Kooperationsmodell zur Energieversorgung: Drei Kommunen sagen schon Ja

Kooperationsmodell zur Energieversorgung : Drei Kommunen sagen schon Ja

Dass zwei Stadträte zur selben Zeit einen identischen Tagesordnungspunkt beraten, und dass es um eine gemeinsame Sache geht, ist nicht alltäglich. Am Dienstagabend tagten die Räte von Remagen und Sinzig zu einer Sache, die die Kommunen gemeinsam auf den Weg bringen wollen: Strom.

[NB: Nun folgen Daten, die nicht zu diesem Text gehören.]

(* Let $k\ge 3$ be odd and $r\ge 2$ an integer. Let $G$ be the graph with vertex set $\{u,v_1,\dots,v_{k-1},s_1,\dots,s_{r-1},w_1,\dots,w_{r-1}\}$ and edge set $\{v_{i-1}v_i\mid 1\le i\le k\}\cup\{s_{i-1}s_i\mid 1\le i\le r-1\}\cup\{w_{i-1}w_i\mid 1\le i\le r-1\}$, where $v_0=v_k=s_0=w_0=u$ (i.e. a cycle $C_k$ with two paths on $r$ vertices each attached by an endpoint to the same cycle vertex $u$). Then $G$ is not odd-periodic, i.e. the Grover walk on $G$ is either not periodic or has even period.
   Context: For a simple connected finite graph $G=(V,E)$, let $\mathcal{A}=\{(u,v),(v,u)\mid uv\in E\}$ be the set of arcs; for an arc $e=(u,v)$ write $o(e)=u$, $t(e)=v$, $\bar e=(v,u)$. The Grover walk has time evolution $U$ on $\mathbb{C}^{\mathcal{A}}$ with $U_{e,f}=2/\deg t(f)$ if $t(f)=o(e)$, $e\neq\bar f$; $U_{e,f}=2/\deg t(f)-1$ if $e=\bar f$; $0$ otherwise. $G$ is periodic if $U^m=I$ for some positive integer $m$; the least such $m$ is the period; $G$ is odd-periodic if it is periodic with odd period. *)

theory Defs
  imports Complex_Main
begin

text \<open>A simple graph is given by its edge set Es of unordered pairs (2-element sets).\<close>

definition arcs :: "'a set set \<Rightarrow> ('a \<times> 'a) set" where
  "arcs Es = {(a, b). a \<noteq> b \<and> {a, b} \<in> Es}"

definition deg :: "'a set set \<Rightarrow> 'a \<Rightarrow> nat" where
  "deg Es v = card {w. w \<noteq> v \<and> {v, w} \<in> Es}"

text \<open>Grover time evolution, entry U(e,f), with o(e) = fst e, t(e) = snd e.\<close>
definition grover :: "'a set set \<Rightarrow> ('a \<times> 'a) \<Rightarrow> ('a \<times> 'a) \<Rightarrow> real" where
  "grover Es e f =
     (if snd f = fst e \<and> e \<noteq> prod.swap f then 2 / real (deg Es (snd f))
      else if e = prod.swap f then 2 / real (deg Es (snd f)) - 1
      else 0)"

definition mat_mult :: "'b set \<Rightarrow> ('b \<Rightarrow> 'b \<Rightarrow> real) \<Rightarrow> ('b \<Rightarrow> 'b \<Rightarrow> real) \<Rightarrow> 'b \<Rightarrow> 'b \<Rightarrow> real" where
  "mat_mult A M N e f = (\<Sum>g\<in>A. M e g * N g f)"

definition mat_id :: "'b \<Rightarrow> 'b \<Rightarrow> real" where
  "mat_id e f = (if e = f then 1 else 0)"

fun mat_pow :: "'b set \<Rightarrow> ('b \<Rightarrow> 'b \<Rightarrow> real) \<Rightarrow> nat \<Rightarrow> 'b \<Rightarrow> 'b \<Rightarrow> real" where
  "mat_pow A M 0 = mat_id"
| "mat_pow A M (Suc n) = mat_mult A M (mat_pow A M n)"

definition grover_pow_id :: "'a set set \<Rightarrow> nat \<Rightarrow> bool" where
  "grover_pow_id Es m \<longleftrightarrow>
     (\<forall>e\<in>arcs Es. \<forall>f\<in>arcs Es. mat_pow (arcs Es) (grover Es) m e f = mat_id e f)"

definition periodic :: "'a set set \<Rightarrow> bool" where
  "periodic Es \<longleftrightarrow> (\<exists>m>0. grover_pow_id Es m)"

definition period :: "'a set set \<Rightarrow> nat" where
  "period Es = (LEAST m. m > 0 \<and> grover_pow_id Es m)"

definition odd_periodic :: "'a set set \<Rightarrow> bool" where
  "odd_periodic Es \<longleftrightarrow> periodic Es \<and> odd (period Es)"

datatype vtx = U | Vc nat | Sp nat | Wp nat

definition cyc :: "nat \<Rightarrow> nat \<Rightarrow> vtx" where
  "cyc k i = (if i = 0 \<or> i = k then U else Vc i)"

definition spath :: "nat \<Rightarrow> vtx" where
  "spath i = (if i = 0 then U else Sp i)"

definition wpath :: "nat \<Rightarrow> vtx" where
  "wpath i = (if i = 0 then U else Wp i)"

definition cycle_two_tails_verts :: "nat \<Rightarrow> nat \<Rightarrow> vtx set" where
  "cycle_two_tails_verts k r =
     {U} \<union> Vc ` {1..k-1} \<union> Sp ` {1..r-1} \<union> Wp ` {1..r-1}"

definition cycle_two_tails :: "nat \<Rightarrow> nat \<Rightarrow> vtx set set" where
  "cycle_two_tails k r =
     {{cyc k (i - 1), cyc k i} | i. 1 \<le> i \<and> i \<le> k}
   \<union> {{spath (i - 1), spath i} | i. 1 \<le> i \<and> i \<le> r - 1}
   \<union> {{wpath (i - 1), wpath i} | i. 1 \<le> i \<and> i \<le> r - 1}"

end

theory Submission
  imports Defs
begin

(* Let L = r - 1 be the length of the two tails. Apply U^n to the vector
   delta(u,s1) - delta(u,w1). Vertices of degree one or two pass a unit pulse on
   deterministically, so the positive and the negative pulse run in lockstep out to
   the ends of their tails and back. They arrive at u simultaneously, and since
   U(delta(x,u) - delta(y,u)) = delta(u,y) - delta(u,x) whatever the degree of u, they
   leave again with their tails exchanged. So the n-th column difference is an
   explicit pair of opposite pulses, and U^m = I forces the positive pulse to be
   back on the arc (u,s1) at time m, which happens only if 2L divides m. *)

definition nbrs :: "'a set set \<Rightarrow> 'a \<Rightarrow> 'a set" where
  "nbrs Es v = {w. w \<noteq> v \<and> {v, w} \<in> Es}"

lemma deg_eq_card_nbrs: "deg Es v = card (nbrs Es v)"
  by (simp add: deg_def nbrs_def)

lemma in_arcs_iff_nbrs: "(a, b) \<in> arcs Es \<longleftrightarrow> b \<in> nbrs Es a"
  by (auto simp: arcs_def nbrs_def)

lemma nbrs_sym: "a \<in> nbrs Es b \<longleftrightarrow> b \<in> nbrs Es a"
  by (auto simp: nbrs_def insert_commute)

lemma finite_arcs: "finite (\<Union>Es) \<Longrightarrow> finite (arcs Es)"
  by (rule finite_subset[of _ "\<Union>Es \<times> \<Union>Es"]) (auto simp: arcs_def)

lemma grover_column:
  "grover Es e (x, v) =
     (if fst e = v then 2 / real (deg Es v) else 0) - mat_id e (v, x)"
  by (cases e) (auto simp: grover_def mat_id_def)

lemma grover_diff_same_head:
  "grover Es e (x, v) - grover Es e (y, v) = mat_id e (v, y) - mat_id e (v, x)"
  by (simp add: grover_column)

(* x = y is allowed: a leaf reflects the pulse. *)
lemma grover_transmit:
  assumes "nbrs Es v = {x, y}" and "e \<in> arcs Es"
  shows "grover Es e (x, v) = mat_id e (v, y)"
proof -
  obtain a b where e: "e = (a, b)" by force
  have "b \<in> nbrs Es a" using assms(2) e in_arcs_iff_nbrs by metis
  then show ?thesis
    using assms(1) by (cases "x = y") (auto simp: e grover_column deg_eq_card_nbrs mat_id_def)
qed

lemma sum_mult_mat_id:
  assumes "finite A" and "a \<in> A"
  shows "(\<Sum>g\<in>A. f g * mat_id g a) = f a"
  using assms by (simp add: mat_id_def if_distrib[of "(*) _"] sum.delta' cong: if_cong)

lemma mat_pow_column_diff:
  assumes "finite A" and "\<And>n. a n \<in> A" and "\<And>n. b n \<in> A"
    and step: "\<And>n e. e \<in> A \<Longrightarrow> M e (a n) - M e (b n) = mat_id e (a (Suc n)) - mat_id e (b (Suc n))"
    and "e \<in> A"
  shows "mat_pow A M n e (a 0) - mat_pow A M n e (b 0) = mat_id e (a n) - mat_id e (b n)"
  using \<open>e \<in> A\<close>
proof (induction n arbitrary: e)
  case 0
  then show ?case by simp
next
  case (Suc n)
  have "mat_pow A M (Suc n) e (a 0) - mat_pow A M (Suc n) e (b 0)
      = (\<Sum>g\<in>A. M e g * (mat_pow A M n g (a 0) - mat_pow A M n g (b 0)))"
    by (simp add: mat_mult_def sum_subtractf[symmetric] right_diff_distrib)
  also have "\<dots> = (\<Sum>g\<in>A. M e g * (mat_id g (a n) - mat_id g (b n)))"
    using Suc.IH by simp
  also have "\<dots> = M e (a n) - M e (b n)"
    using assms(1-3) by (simp add: right_diff_distrib sum_subtractf sum_mult_mat_id)
  also have "\<dots> = mat_id e (a (Suc n)) - mat_id e (b (Suc n))"
    using step Suc.prems .
  finally show ?case .
qed

lemma tail_eq_U_iff: "P \<in> {spath, wpath} \<Longrightarrow> P i = U \<longleftrightarrow> i = 0"
  by (auto simp: spath_def wpath_def split: if_splits)

lemma tail_eq_iff: "P \<in> {spath, wpath} \<Longrightarrow> P i = P j \<longleftrightarrow> i = j"
  by (auto simp: spath_def wpath_def split: if_splits)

Bereits vor zwei Wochen hatten die kommunalpolitische Spitzen von Remagen, Sinzig, Bad Breisig, Brohl-Lützing, Gönnersdorf, Burgbrohl und der Grafschaft im Ringener Rathaus ihr Kooperationsmodell in Sachen Energieversorgung vorgestellt, das die Kommunen und die Energieversorgung Mittelrhein (EVM) in den nächsten Monaten zu Partnern machen soll. Zuvor hatte es bereits eine gemeinsame nichtöffentliche Ratssitzung gegeben (der GA berichtete). Bis dahin war es ein langer Weg, geprägt von Gesetzesänderungen, neuen Urteilen und immer neuen Ausschreibungen.

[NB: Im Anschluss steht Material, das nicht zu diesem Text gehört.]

lemma (in prob_space) distributed_normal_linear_combination:
  assumes "finite J" "indep_vars (\<lambda>_. borel) X J"
    and "\<And>j. j \<in> J \<Longrightarrow> 0 < s j"
    and "\<And>j. j \<in> J \<Longrightarrow> distributed M lborel (X j) (normal_density (\<mu> j) (s j))"
    and "0 < (\<Sum>j\<in>J. (c j * s j)\<^sup>2)"
  shows "distributed M lborel (\<lambda>\<omega>. \<Sum>j\<in>J. c j * X j \<omega>)
           (normal_density (\<Sum>j\<in>J. c j * \<mu> j) (sqrt (\<Sum>j\<in>J. (c j * s j)\<^sup>2)))"
proof -
  define J' where "J' = {j \<in> J. c j \<noteq> 0}"
  have J': "finite J'" "J' \<subseteq> J"
    using assms(1) by (auto simp: J'_def)
  have drop_zeros: "(\<Sum>j\<in>J. f j) = (\<Sum>j\<in>J'. f j)" if "\<And>j. c j = 0 \<Longrightarrow> f j = 0"
    for f :: "_ \<Rightarrow> real"
    using assms(1) that by (intro sum.mono_neutral_right) (auto simp: J'_def)
  have variance: "(\<Sum>j\<in>J. (c j * s j)\<^sup>2) = (\<Sum>j\<in>J'. (\<bar>c j\<bar> * s j)\<^sup>2)"
    by (subst drop_zeros) (auto simp: power_mult_distrib)
  then have "J' \<noteq> {}"
    using assms(5) by auto
  moreover have "indep_vars (\<lambda>_. borel) (\<lambda>j \<omega>. c j * X j \<omega>) J'"
    using indep_vars_compose2[OF indep_vars_subset[OF assms(2) J'(2)], of "\<lambda>j x. c j * x"] by simp
  moreover have "distributed M lborel (\<lambda>\<omega>. c j * X j \<omega>) (normal_density (c j * \<mu> j) (\<bar>c j\<bar> * s j))"
    if "j \<in> J'" for j
    using normal_density_affine[of "X j" "\<mu> j" "s j" "c j" 0] that assms(3,4) J'(2)
    by (auto simp: J'_def)
  ultimately have "distributed M lborel (\<lambda>\<omega>. \<Sum>j\<in>J'. c j * X j \<omega>)
      (normal_density (\<Sum>j\<in>J'. c j * \<mu> j) (sqrt (\<Sum>j\<in>J'. (\<bar>c j\<bar> * s j)\<^sup>2)))"
    using assms(3) J' by (intro sum_indep_normal) (auto simp: J'_def)
  then show ?thesis
    unfolding variance by (subst (1 2) drop_zeros) auto
qed

lemma (in prob_space) indep_vars_block_linear_forms:
  fixes X :: "'i \<Rightarrow> 'a \<Rightarrow> real"
  assumes "indep_vars (\<lambda>_. borel) X I" "\<And>k. k \<in> K \<Longrightarrow> S k \<subseteq> I" "disjoint_family_on S K"
  shows "indep_vars (\<lambda>_. borel) (\<lambda>k \<omega>. \<Sum>s\<in>S k. c s * X s \<omega>) K"
proof -
  have "indep_vars (\<lambda>_. borel) (\<lambda>k \<omega>. \<Sum>s\<in>S k. c s * restrict (\<lambda>s. X s \<omega>) (S k) s) K"
    by (rule indep_vars_compose2[OF indep_vars_restrict[OF assms], where Y="\<lambda>k f. \<Sum>s\<in>S k. c s * f s"])
       measurable
  then show ?thesis
    by simp
qed

lemma (in prob_space) distributed_sum_squares_block_linear_forms:
  assumes "indep_vars (\<lambda>_. borel) X I" "finite K" "K \<noteq> {}"
    and "\<And>k. k \<in> K \<Longrightarrow> S k \<subseteq> I" "\<And>k. k \<in> K \<Longrightarrow> finite (S k)" "disjoint_family_on S K"
    and "\<And>s. s \<in> I \<Longrightarrow> 0 < sd s"
    and "\<And>s. s \<in> I \<Longrightarrow> distributed M lborel (X s) (normal_density 0 (sd s))"
    and "0 < v" "\<And>k. k \<in> K \<Longrightarrow> (\<Sum>s\<in>S k. (c s * sd s)\<^sup>2) = v"
  shows "distributed M lborel (\<lambda>\<omega>. \<Sum>k\<in>K. (\<Sum>s\<in>S k. c s * X s \<omega>)\<^sup>2 / v)
           (chi_squared_density (card K))"
proof -
  have "distributed M lborel (\<lambda>\<omega>. \<Sum>s\<in>S k. c s * X s \<omega>) (normal_density 0 (sqrt v))"
    if "k \<in> K" for k
  proof -
    have "distributed M lborel (\<lambda>\<omega>. \<Sum>s\<in>S k. c s * X s \<omega>)
        (normal_density (\<Sum>s\<in>S k. c s * 0) (sqrt (\<Sum>s\<in>S k. (c s * sd s)\<^sup>2)))"
      using that assms(4,5,7,8,9,10)
      by (intro distributed_normal_linear_combination indep_vars_subset[OF assms(1)]) blast+
    then show ?thesis
      using that assms(10) by simp
  qed
  then have "distributed M lborel (\<lambda>\<omega>. \<Sum>k\<in>K. (((\<Sum>s\<in>S k. c s * X s \<omega>) - 0) / sqrt v)\<^sup>2)
      (chi_squared_density (card K))"
    using assms by (intro distributed_sum_squares_standardized_normal indep_vars_block_linear_forms) auto
  then show ?thesis
    using assms(9) by (simp add: power_divide)
qed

Das Kooperationsmodell, für dessen Vertragsverhandlungen der Remagener Stadtrat gestern Abend mit 16 Ja-Stimmen, vier Enthaltungen der FBL und vier Nein von den Grünen und FDP-Mann Ulrich van Bebber zustimmte, sieht folgendes vor: Den Abschluss eines Stromkonzessionsvertrages mit der EVM für 20 Jahre bei gleichzeitigem Kauf des Stromnetzes durch die EVM. Auch soll eine Anstalt des öffentlichen Rechts gegründet werden, über die die Kommunen Miteigentümer des Netzes (51 Prozent) werden sollen, das dann an die EVM verpachtet werden soll.

"Mit der Kooperation ist uns ein großer Wurf gelungen", sagte Bürgermeister Herbert Georgi nach der Abstimmung. Es gehe um Strom für insgesamt 62000 Bürger, die "Arbeit hat sich gelohnt". Das fanden auch Walter Köbbing (CDU) und Christine Wießmann (SPD) und lobten die Arbeit der Gutachter. Die Grünen um Frank Bliss lehnten ab, weil sie "bei der Erstellung der Kriterien nicht beteiligt waren". Die FBL enthielt sich, weil ihr der Zusatz fehlte, jeden Vertrag vor Unterschrift einsehen zu können. FDP-Mann van Bebber konnte sich mit dem Pachtmodell nicht anfreunden.

Das hatte indes bereits am Abend zuvor der Gemeinderat von Burgbrohl getan. Die Brohltaler hatten der gemeinsamen Sitzungsvorlage als erste zugestimmt. Morgen Abend ist der Grafschafter Rat am Zug.